Work instruction → Go through the lines below. Copy those with "that".

Raw data →
(* Let $0<\delta<1/1000$, let $x$ be large, let $D=x^{7/12-50\delta}$, let $x^{2\delta} \le N\le x^{1/3+\delta/2}$ and let $d\in\mathcal{D}^+(D)$. Then there is a factorization $d=d_1d_2d_3$ into positive integers such that \begin{align*} d_1&\le\frac{N}{x^\delta},\\ N^2d_2d_3^2&\le x^{1-\delta},\\ N^2d_1d_2^4d_3^3&\le x^{2-\delta},\\ N d_1d_2^5d_3^2&\le x^{2-\delta}. \end{align*}
   Context: For $D\ge 1$, the support set of the upper bound linear sieve weights of level $D$ is \[ \mathcal{D}^+(D):=\Bigl\{p_1\cdots p_r:\ p_1\ge p_2\ge \dots \ge p_r \text{ primes},\ \ p_1\cdots p_{2j}\,p_{2j+1}^3\le D\ \text{ for all } 0\le j<r/2\Bigr\} \] (with $r\ge 0$, the empty product being $1$). *)

theory Defs
  imports "HOL-Computational_Algebra.Primes" Complex_Main
begin

text \<open>Support set of the upper bound linear sieve weights of level D:
  products p_1 ... p_r of primes p_1 >= ... >= p_r (list ps = [p_1,...,p_r])
  with p_1 ... p_{2j} p_{2j+1}^3 <= D for all 0 <= j < r/2.
  In 0-based list indexing, p_{2j+1} = ps ! (2*j), and the condition 2j < r.\<close>
definition upper_sieve_support :: "real \<Rightarrow> nat set" where
  "upper_sieve_support D = {d. \<exists>ps :: nat list.
      (\<forall>p\<in>set ps. prime p) \<and> sorted_wrt (\<ge>) ps \<and> d = prod_list ps \<and>
      (\<forall>j. 2 * j < length ps \<longrightarrow>
          real (prod_list (take (2 * j) ps)) * real (ps ! (2 * j)) ^ 3 \<le> D)}"

end

theory Submission
  imports Defs
begin

(* Write N = x^n and let x^(e_0) >= x^(e_1) >= ... be the primes of d, so that the support
   condition reads e_0 + ... + e_(2j-1) + 3 e_(2j) <= 7/12 - 50 delta and all four conditions
   become linear in the exponents.  The primes of d_1 are chosen greedily, largest first,
   subject to d_1 <= N / x^delta; the support condition then bounds the exponent sum of the
   remaining primes by 7/12 - 50 delta - (n - delta).  Given d_1, the other three conditions
   only ask that the exponent sum of d_2 lie in a window [L, R] with L <= 1/6 and R >= 1/4.
   Remaining primes of exponent at most 1/12 can be added to d_2 one at a time without jumping
   over the window, and any two heavier ones already exceed 1/6.  The support condition forbids
   three heavier remaining primes whose pairwise sums overflow the window, and the case of
   exactly two such primes is excluded by the greedy choice of d_1. *)

lemma subset_sum_in_window:
  fixes e :: "'a \<Rightarrow> real"
  assumes "finite S" "\<forall>i\<in>S. 0 \<le> e i \<and> e i \<le> h"
    and "b \<le> R" "L + h \<le> R" "L \<le> b + sum e S"
  shows "\<exists>S'\<subseteq>S. L \<le> b + sum e S' \<and> b + sum e S' \<le> R"
  using assms
proof (induction S rule: finite_induct)
  case (insert a S)
  show ?case
  proof (cases "L \<le> b + sum e S")
    case True
    with insert obtain S' where "S' \<subseteq> S" "L \<le> b + sum e S'" "b + sum e S' \<le> R"
      by auto
    then show ?thesis
      by blast
  next
    case False
    have "b + sum e (insert a S) \<le> R"
      using insert.hyps insert.prems(1,3) False by simp
    with insert.prems(4) show ?thesis
      by (intro exI[of _ "insert a S"]) simp
  qed
qed auto

lemma subset_sum_in_window_insert:
  fixes e :: "'a \<Rightarrow> real"
  assumes "finite S" "\<forall>j\<in>S. 0 \<le> e j \<and> e j \<le> h" "i \<notin> S"
    and "e i \<le> R" "L + h \<le> R" "L \<le> e i + sum e S"
  shows "\<exists>B\<subseteq>insert i S. L \<le> sum e B \<and> sum e B \<le> R"
proof -
  obtain S' where S': "S' \<subseteq> S" "L \<le> e i + sum e S'" "e i + sum e S' \<le> R"
    using subset_sum_in_window[OF assms(1,2,4-6)] by blast
  moreover have "i \<notin> S'"
    using S'(1) assms(3) by blast
  moreover have "finite S'"
    using S'(1) assms(1) by (rule finite_subset)
  ultimately show ?thesis
    by (intro exI[of _ "insert i S'"]) auto
qed

lemma two_heavy_if_pairs_overflow:
  fixes e :: "nat \<Rightarrow> real"
  assumes triples: "\<And>i j k. i \<in> W \<Longrightarrow> j \<in> W \<Longrightarrow> k \<in> W \<Longrightarrow> i < j \<Longrightarrow> j < k \<Longrightarrow>
      2 * e j + 3 * e k \<le> 7/12"
    and R: "1/4 \<le> R"
    and H: "H \<subseteq> W" "\<forall>k\<in>H. 1/12 < e k" "\<forall>j\<in>H. \<forall>k\<in>H. j \<noteq> k \<longrightarrow> R < e j + e k"
    and i: "i \<in> H" "\<forall>k\<in>H. i \<le> k" and j: "j \<in> H" "j \<noteq> i"
  shows "H = {i, j}"
proof -
  have "i < j"
    using i(2) j by (simp add: order.not_eq_order_implies_strict)
  have "k = i \<or> k = j" if k: "k \<in> H" for k
  proof (rule ccontr)
    assume "\<not> (k = i \<or> k = j)"
    then have "i < k" "j \<noteq> k"
      using i(2) k by (auto simp: order.not_eq_order_implies_strict)
    have W: "i \<in> W" "j \<in> W" "k \<in> W"
      using H(1) i(1) j(1) k by auto
    have heavy: "1/12 < e j" "1/12 < e k" "R < e j + e k"
      using H(2,3) j(1) k \<open>j \<noteq> k\<close> by auto
    show False
    proof (cases "j < k")
      case True
      show ?thesis
        using triples[OF W \<open>i < j\<close> True] heavy R by linarith
    next
      case False
      then have "k < j"
        using \<open>j \<noteq> k\<close> by simp
      show ?thesis
        using triples[OF W(1,3,2) \<open>i < k\<close> \<open>k < j\<close>] heavy R by linarith
    qed
  qed
  then show ?thesis
    using i(1) j(1) by blast
qed

lemma least_heavy_plus_light_ge:
  fixes e :: "nat \<Rightarrow> real"
  assumes triples: "\<And>i j k. i \<in> W \<Longrightarrow> j \<in> W \<Longrightarrow> k \<in> W \<Longrightarrow> i < j \<Longrightarrow> j < k \<Longrightarrow>
      2 * e j + 3 * e k \<le> 7/12"
    and pairs: "\<And>i j. i \<in> W \<Longrightarrow> j \<in> W \<Longrightarrow> i < j \<Longrightarrow> R < e i + e j \<Longrightarrow>
      L \<le> sum e W - e j"
    and R: "1/4 \<le> R" and L: "L \<le> sum e W"
    and H: "H \<subseteq> W" "\<forall>k\<in>H. 1/12 < e k" "\<forall>j\<in>H. \<forall>k\<in>H. j \<noteq> k \<longrightarrow> R < e j + e k"
    and sum_W: "sum e W = sum e H + sum e S"
    and i: "i \<in> H" "\<forall>k\<in>H. i \<le> k"
  shows "L \<le> e i + sum e S"
proof (rule ccontr)
  assume short: "\<not> L \<le> e i + sum e S"
  have "H \<noteq> {i}"
  proof
    assume "H = {i}"
    then show False
      using sum_W L short by simp
  qed
  then obtain j where j: "j \<in> H" "j \<noteq> i"
    using i(1) by blast
  have "H = {i, j}"
    by (rule two_heavy_if_pairs_overflow[OF triples R H i j])
  moreover have "i < j"
    using i(2) j by (simp add: order.not_eq_order_implies_strict)
  ultimately have "sum e W - e j = e i + sum e S"
    using sum_W by simp
  moreover have "i \<in> W" "j \<in> W" "R < e i + e j"
    using H i(1) j by auto
  ultimately show False
    using pairs[of i j] \<open>i < j\<close> short by linarith
qed

lemma subset_sum_in_window_sparse_heavy:
  fixes e :: "nat \<Rightarrow> real"
  assumes fin: "finite W"
    and bounded: "\<forall>i\<in>W. 0 \<le> e i \<and> e i \<le> R"
    and triples: "\<And>i j k. i \<in> W \<Longrightarrow> j \<in> W \<Longrightarrow> k \<in> W \<Longrightarrow> i < j \<Longrightarrow> j < k \<Longrightarrow>
      2 * e j + 3 * e k \<le> 7/12"
    and pairs: "\<And>i j. i \<in> W \<Longrightarrow> j \<in> W \<Longrightarrow> i < j \<Longrightarrow> R < e i + e j \<Longrightarrow>
      L \<le> sum e W - e j"
    and L: "L \<le> sum e W" "L \<le> 1/6" and R: "1/4 \<le> R"
  shows "\<exists>B\<subseteq>W. L \<le> sum e B \<and> sum e B \<le> R"
proof -
  define H where "H = {i\<in>W. 1/12 < e i}"
  define S where "S = W - H"
  have "H \<subseteq> W" and heavy: "\<forall>k\<in>H. 1/12 < e k"
    unfolding H_def by auto
  have "finite H" "finite S"
    unfolding S_def using \<open>H \<subseteq> W\<close> fin by (auto intro: finite_subset)
  have light: "\<forall>i\<in>S. 0 \<le> e i \<and> e i \<le> 1/12"
    unfolding S_def H_def using bounded by auto
  have sum_W: "sum e W = sum e H + sum e S"
    unfolding S_def using sum.subset_diff[OF \<open>H \<subseteq> W\<close> fin, of e] by linarith
  show ?thesis
  proof (cases "\<exists>j\<in>H. \<exists>k\<in>H. j \<noteq> k \<and> e j + e k \<le> R")
    case True
    then obtain j k where jk: "j \<in> H" "k \<in> H" "j \<noteq> k" "e j + e k \<le> R"
      by blast
    then have "{j, k} \<subseteq> W" "sum e {j, k} = e j + e k" "1/6 < e j + e k"
      unfolding H_def by auto
    then show ?thesis
      using jk(4) L(2) by (intro exI[of _ "{j, k}"]) auto
  next
    case False
    then have overflow: "\<forall>j\<in>H. \<forall>k\<in>H. j \<noteq> k \<longrightarrow> R < e j + e k"
      by (auto simp: not_le)
    show ?thesis
    proof (cases "H = {}")
      case True
      then have "S = W"
        unfolding S_def by simp
      then show ?thesis
        using subset_sum_in_window[of S e "1/12" 0 R L] \<open>finite S\<close> light L R by auto
    next
      case False
      define i where "i = Min H"
      have i: "i \<in> H" "\<forall>k\<in>H. i \<le> k"
        unfolding i_def using False \<open>finite H\<close> by auto
      have fill: "L \<le> e i + sum e S"
        using least_heavy_plus_light_ge[OF triples pairs R L(1) \<open>H \<subseteq> W\<close> heavy overflow sum_W i] .
      have "i \<notin> S" "e i \<le> R" "insert i S \<subseteq> W"
        using bounded i(1) \<open>H \<subseteq> W\<close> unfolding S_def H_def by auto
      moreover have "L + 1/12 \<le> R"
        using L R by linarith
      ultimately show ?thesis
        using subset_sum_in_window_insert[OF \<open>finite S\<close> light _ _ _ fill] by (meson subset_trans)
    qed
  qed
qed

fun greedy_fill :: "(nat \<Rightarrow> real) \<Rightarrow> real \<Rightarrow> nat \<Rightarrow> nat set" where
  "greedy_fill e U 0 = {}"
| "greedy_fill e U (Suc m) =
     (if sum e (greedy_fill e U m) + e m \<le> U then insert m (greedy_fill e U m)
      else greedy_fill e U m)"

lemma greedy_fill_subset: "greedy_fill e U m \<subseteq> {..<m}"
  by (induction m) auto

lemma finite_greedy_fill [simp]: "finite (greedy_fill e U m)"
  by (rule finite_subset[OF greedy_fill_subset]) simp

Solution for this task →
(* Let $0<\delta<1/1000$, let $x$ be large, let $D=x^{7/12-50\delta}$, let $x^{2\delta} \le N\le x^{1/3+\delta/2}$ and let $d\in\mathcal{D}^+(D)$. Then there is a factorization $d=d_1d_2d_3$ into positive integers such that \begin{align*} d_1&\le\frac{N}{x^\delta},\\ N^2d_2d_3^2&\le x^{1-\delta},\\ N^2d_1d_2^4d_3^3&\le x^{2-\delta},\\ N d_1d_2^5d_3^2&\le x^{2-\delta}. \end{align*}
(* Write N = x^n and let x^(e_0) >= x^(e_1) >= ... be the primes of d, so that the support
   only ask that the exponent sum of d_2 lie in a window [L, R] with L <= 1/6 and R >= 1/4.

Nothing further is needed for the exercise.